Returning now to the tasks to be carried out in this workpackage, we remind the reader that a key aspect of our ecosystem-based philosophy is that indicators of sustainable aquacultural management are embedded in the <farm -- environment -- biological-community -- other users>  system, and are thus either implicitly or explicitly parts of dynamic models.  WP4 will thus focus on indicators in the context of models as operational tools. It will define and improve indicators and models through an iterative process that commences with the indicators identified in WP2 and WP3 and then interacts with existing and new (WP5) data.  For example, if DO is taken as an appropriate indicator, existing or improved models will be used to investigate change in this variable as a function of hydrodynamic conditions, meteorological and boundary forcing scenarios, as well as of farm and other inputs leading directly or indirectly to oxygen production or consumption.  Validated against observations, the model simulations will allow estimation of variability of DO levels with and without farm inputs, and thus provide guidance on EcoQSs, system assimilative capacity and farmed organism carrying capacity, and monitoring regime, as well as providing operational tools for farm, ecosystem and coastal zone management.

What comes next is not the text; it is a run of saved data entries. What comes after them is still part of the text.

lemma spectral_projection_eigen:
  assumes sd: "spectral_decomp A V S F" and "\<beta> \<in> S" "a \<in> A" "b \<in> A"
  shows "mmult A V (F \<beta>) a b = \<beta> * F \<beta> a b" "mmult A (F \<beta>) V a b = \<beta> * F \<beta> a b"
proof -
  note sdD = spectral_decompD[OF sd]
  have V: "mat_eq A V (\<lambda>a b. \<Sum>\<alpha>\<in>S. \<alpha> * F \<alpha> a b)"
    unfolding mat_eq_def using sdD(7) by blast
  have "mmult A V (F \<beta>) a b = (\<Sum>\<alpha>\<in>S. \<alpha> * mmult A (F \<alpha>) (F \<beta>) a b)"
    unfolding mmult_cong[OF V mat_eq_refl assms(3,4)] mmult_sum_left mmult_scale_left ..
  also have "\<dots> = (\<Sum>\<alpha>\<in>S. if \<alpha> = \<beta> then \<beta> * F \<beta> a b else 0)"
    by (rule sum.cong) (use assms sdD(3,5) in auto)
  finally show "mmult A V (F \<beta>) a b = \<beta> * F \<beta> a b"
    using sdD(1) \<open>\<beta> \<in> S\<close> by simp
  have "mmult A (F \<beta>) V a b = (\<Sum>\<alpha>\<in>S. \<alpha> * mmult A (F \<beta>) (F \<alpha>) a b)"
    unfolding mmult_cong[OF mat_eq_refl V assms(3,4)] mmult_sum_right mmult_scale_right ..
  also have "\<dots> = (\<Sum>\<alpha>\<in>S. if \<alpha> = \<beta> then \<beta> * F \<beta> a b else 0)"
    by (rule sum.cong) (use assms sdD(3,5) in auto)
  finally show "mmult A (F \<beta>) V a b = \<beta> * F \<beta> a b"
    using sdD(1) \<open>\<beta> \<in> S\<close> by simp
qed

lemma spectral_projections_orthogonal:
  assumes F: "spectral_decomp A V S F" and G: "spectral_decomp A V S G" and A: "finite A"
    and "\<alpha> \<in> S" "\<beta> \<in> S" "\<alpha> \<noteq> \<beta>" "a \<in> A" "b \<in> A"
  shows "mmult A (F \<alpha>) (G \<beta>) a b = 0"
proof -
  have "\<alpha> * mmult A (F \<alpha>) (G \<beta>) a b = mmult A (mmult A (F \<alpha>) V) (G \<beta>) a b"
    unfolding mmult_scale_left[symmetric]
    by (rule mmult_cong) (use spectral_projection_eigen(2)[OF F \<open>\<alpha> \<in> S\<close>] assms in \<open>auto simp: mat_eq_def\<close>)
  also have "\<dots> = mmult A (F \<alpha>) (mmult A V (G \<beta>)) a b"
    by (rule mmult_assoc[OF A])
  also have "\<dots> = \<beta> * mmult A (F \<alpha>) (G \<beta>) a b"
    unfolding mmult_scale_right[symmetric]
    by (rule mmult_cong) (use spectral_projection_eigen(1)[OF G \<open>\<beta> \<in> S\<close>] assms in \<open>auto simp: mat_eq_def\<close>)
  finally show ?thesis
    using \<open>\<alpha> \<noteq> \<beta>\<close> by (metis mult_cancel_right)
qed

lemma spectral_decomp_unique:
  assumes F: "spectral_decomp A V S F" and G: "spectral_decomp A V S G" and A: "finite A"
    and \<alpha>: "\<alpha> \<in> S" and ab: "a \<in> A" "b \<in> A"
  shows "F \<alpha> a b = G \<alpha> a b"
proof -
  have S: "finite S" by (rule spectral_decompD(1)[OF F])
  have IF: "mat_eq A mid (\<lambda>a b. \<Sum>\<beta>\<in>S. F \<beta> a b)" and IG: "mat_eq A mid (\<lambda>a b. \<Sum>\<beta>\<in>S. G \<beta> a b)"
    unfolding mat_eq_def using spectral_decompD(6)[OF F] spectral_decompD(6)[OF G] by simp_all
  have "F \<alpha> a b = mmult A (F \<alpha>) mid a b"
    using mmult_mid_right[OF A ab] by simp
  also have "\<dots> = (\<Sum>\<beta>\<in>S. mmult A (F \<alpha>) (G \<beta>) a b)"
    unfolding mmult_cong[OF mat_eq_refl IG ab] mmult_sum_right ..
  also have "\<dots> = mmult A (F \<alpha>) (G \<alpha>) a b"
    using spectral_projections_orthogonal[OF F G A \<alpha> _ _ ab] S \<alpha> by (auto simp: sum.remove intro!: sum.neutral)
  also have "\<dots> = (\<Sum>\<beta>\<in>S. mmult A (F \<beta>) (G \<alpha>) a b)"
    using spectral_projections_orthogonal[OF F G A _ \<alpha> _ ab] S \<alpha> by (auto simp: sum.remove intro!: sum.neutral)
  also have "\<dots> = mmult A mid (G \<alpha>) a b"
    unfolding mmult_cong[OF IF mat_eq_refl ab] mmult_sum_left ..
  also have "\<dots> = G \<alpha> a b"
    using mmult_mid_left[OF A ab] by simp
  finally show ?thesis .
qed

lemma principal_hamiltonian_aut:
  assumes H: "principal_hamiltonian A V H" and A: "finite A" and \<sigma>: "bij_betw \<sigma> A A"
    and V: "mat_eq A (permute_mat \<sigma> V) V"
  shows "weighted_digraph_aut A H \<sigma>"
  unfolding weighted_digraph_aut_def
proof (intro conjI \<sigma> ballI)
  obtain S F where sd: "spectral_decomp A V S F"
    and HF: "mat_eq A H (\<lambda>a b. \<Sum>\<alpha>\<in>S. (- \<i> * Ln \<alpha>) * F \<alpha> a b)"
    using H unfolding principal_hamiltonian_def by blast
  note sd' = spectral_decomp_permute[OF sd \<sigma> V]
  fix a b assume ab: "a \<in> A" "b \<in> A"
  have "H (\<sigma> a) (\<sigma> b) = (\<Sum>\<alpha>\<in>S. (- \<i> * Ln \<alpha>) * permute_mat \<sigma> (F \<alpha>) a b)"
    using HF bij_betw_apply[OF \<sigma>] ab unfolding mat_eq_def permute_mat_def by simp
  also have "\<dots> = (\<Sum>\<alpha>\<in>S. (- \<i> * Ln \<alpha>) * F \<alpha> a b)"
    using spectral_decomp_unique[OF sd' sd A _ ab] by simp
  also have "\<dots> = H a b"
    using HF ab unfolding mat_eq_def by simp
  finally show "H (\<sigma> a) (\<sigma> b) = H a b" .
qed

section \<open>Faces of a rotation system\<close>

lemma face_orbit_funpow:
  "face_orbit \<rho> ((face_perm \<rho> ^^ n) a) = (face_perm \<rho> ^^ n) ` face_orbit \<rho> a"
proof -
  have "(face_perm \<rho> ^^ m) ((face_perm \<rho> ^^ n) a) = (face_perm \<rho> ^^ n) ((face_perm \<rho> ^^ m) a)" for m
    by (metis add.commute comp_apply funpow_add)
  then show ?thesis
    unfolding face_orbit_def by (auto simp: image_image)
qed

lemma face_vertices_map_prod: "face_vertices (map_prod g g ` F) = g ` face_vertices F"
  unfolding face_vertices_def by force

locale embedded_graph =
  fixes V :: "'v set" and E :: "'v \<Rightarrow> 'v \<Rightarrow> bool" and \<rho> :: "'v \<Rightarrow> 'v \<Rightarrow> 'v"
  assumes simple: "simple_graph V E" and rotation: "rotation_system V E \<rho>"
begin

lemma finite_vertices: "finite V"
  using simple unfolding simple_graph_def by blast

lemma adj_vertices: "E u v \<Longrightarrow> u \<in> V \<and> v \<in> V"
  using simple unfolding simple_graph_def by blast

lemma adj_sym: "E u v \<Longrightarrow> E v u"
  using simple unfolding simple_graph_def by blast

lemma mem_arcs_iff: "a \<in> arcs V E \<longleftrightarrow> E (fst a) (snd a)"
  using adj_vertices by (cases a) (auto simp: arcs_def)

lemma arc_vertices: "a \<in> arcs V E \<Longrightarrow> fst a \<in> V \<and> snd a \<in> V"
  using adj_vertices mem_arcs_iff by blast

lemma finite_arcs: "finite (arcs V E)"
proof -
  have "arcs V E \<subseteq> V \<times> V"
    by (auto simp: arcs_def)
  then show ?thesis
    using finite_vertices finite_subset by blast
qed

lemma rotation_adj: "v \<in> V \<Longrightarrow> E v u \<Longrightarrow> E v (\<rho> v u)"
  using rotation unfolding rotation_system_def bij_betw_def nbrs_def by blast

lemma face_perm_arc: "a \<in> arcs V E \<Longrightarrow> face_perm \<rho> a \<in> arcs V E"
  by (simp add: mem_arcs_iff face_perm_def rotation_adj adj_sym arc_vertices)

lemma funpow_face_perm_arc: "a \<in> arcs V E \<Longrightarrow> (face_perm \<rho> ^^ n) a \<in> arcs V E"
  by (induction n) (auto intro: face_perm_arc)

lemma inj_on_face_perm: "inj_on (face_perm \<rho>) (arcs V E)"
proof (rule inj_onI)
  fix a b assume a: "a \<in> arcs V E" and b: "b \<in> arcs V E" and eq: "face_perm \<rho> a = face_perm \<rho> b"
  then have v: "snd a = snd b" and "\<rho> (snd a) (fst a) = \<rho> (snd a) (fst b)"
    by (auto simp: face_perm_def)
  moreover have "inj_on (\<rho> (snd a)) (nbrs E (snd a))"
    using rotation arc_vertices[OF a] unfolding rotation_system_def bij_betw_def by blast
  moreover have "fst a \<in> nbrs E (snd a)" "fst b \<in> nbrs E (snd a)"
    using a b v adj_sym unfolding mem_arcs_iff nbrs_def by auto
  ultimately show "a = b"
    by (metis inj_onD prod_eq_iff)
qed

lemma face_orbit_subset_arcs: "a \<in> arcs V E \<Longrightarrow> face_orbit \<rho> a \<subseteq> arcs V E"
  unfolding face_orbit_def using funpow_face_perm_arc by blast

lemma face_perm_image_orbit:
  assumes a: "a \<in> arcs V E"
  shows "face_perm \<rho> ` face_orbit \<rho> a = face_orbit \<rho> a"
proof (rule endo_inj_surj)
  show "finite (face_orbit \<rho> a)"
    using face_orbit_subset_arcs[OF a] finite_arcs by (rule finite_subset)
  show "face_perm \<rho> ` face_orbit \<rho> a \<subseteq> face_orbit \<rho> a"
    unfolding face_orbit_def by (auto simp flip: funpow.simps(2) comp_apply[of "face_perm \<rho>"])
  show "inj_on (face_perm \<rho>) (face_orbit \<rho> a)"
    using inj_on_face_perm face_orbit_subset_arcs[OF a] by (rule inj_on_subset)
qed

lemma face_orbit_eq:
  assumes a: "a \<in> arcs V E" and b: "b \<in> face_orbit \<rho> a"
  shows "face_orbit \<rho> b = face_orbit \<rho> a"
proof -
  obtain n where n: "b = (face_perm \<rho> ^^ n) a"
    using b unfolding face_orbit_def by blast
  have "(face_perm \<rho> ^^ n) ` face_orbit \<rho> a = face_orbit \<rho> a"
    by (induction n) (simp, simp only: funpow_Suc_right image_comp[symmetric] face_perm_image_orbit[OF a])
  then show ?thesis
    unfolding n face_orbit_funpow .
qed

Another, more complex example, concerns the use of biological indicators (such as AMBI, see Borja et al., 2000) or the Infaunal Tropic Index (ITI, Word 1990), used as measures of impacts on the soft-bottom benthic community. Incorporation of such indicators into site-scale or water-body-scale models, could simulate the impacts on benthic diversity and the health of the community.  However, these indicators are in fact a type of multivariate statistic, and at first glance their simulation would require the use of ecosystem models with many biological variables.  Such a study is likely to be beyond the scope of this project, and a more practical method will be to develop a simple parameterisation of the functional relationship between AMBI or ITI and a state variable such as sediment organic content, or a time derivative such as organic sedimentation flux or sediment oxygen demand. Such a parameterisation could then be added to models such as DEPOMOD or FjordEnv.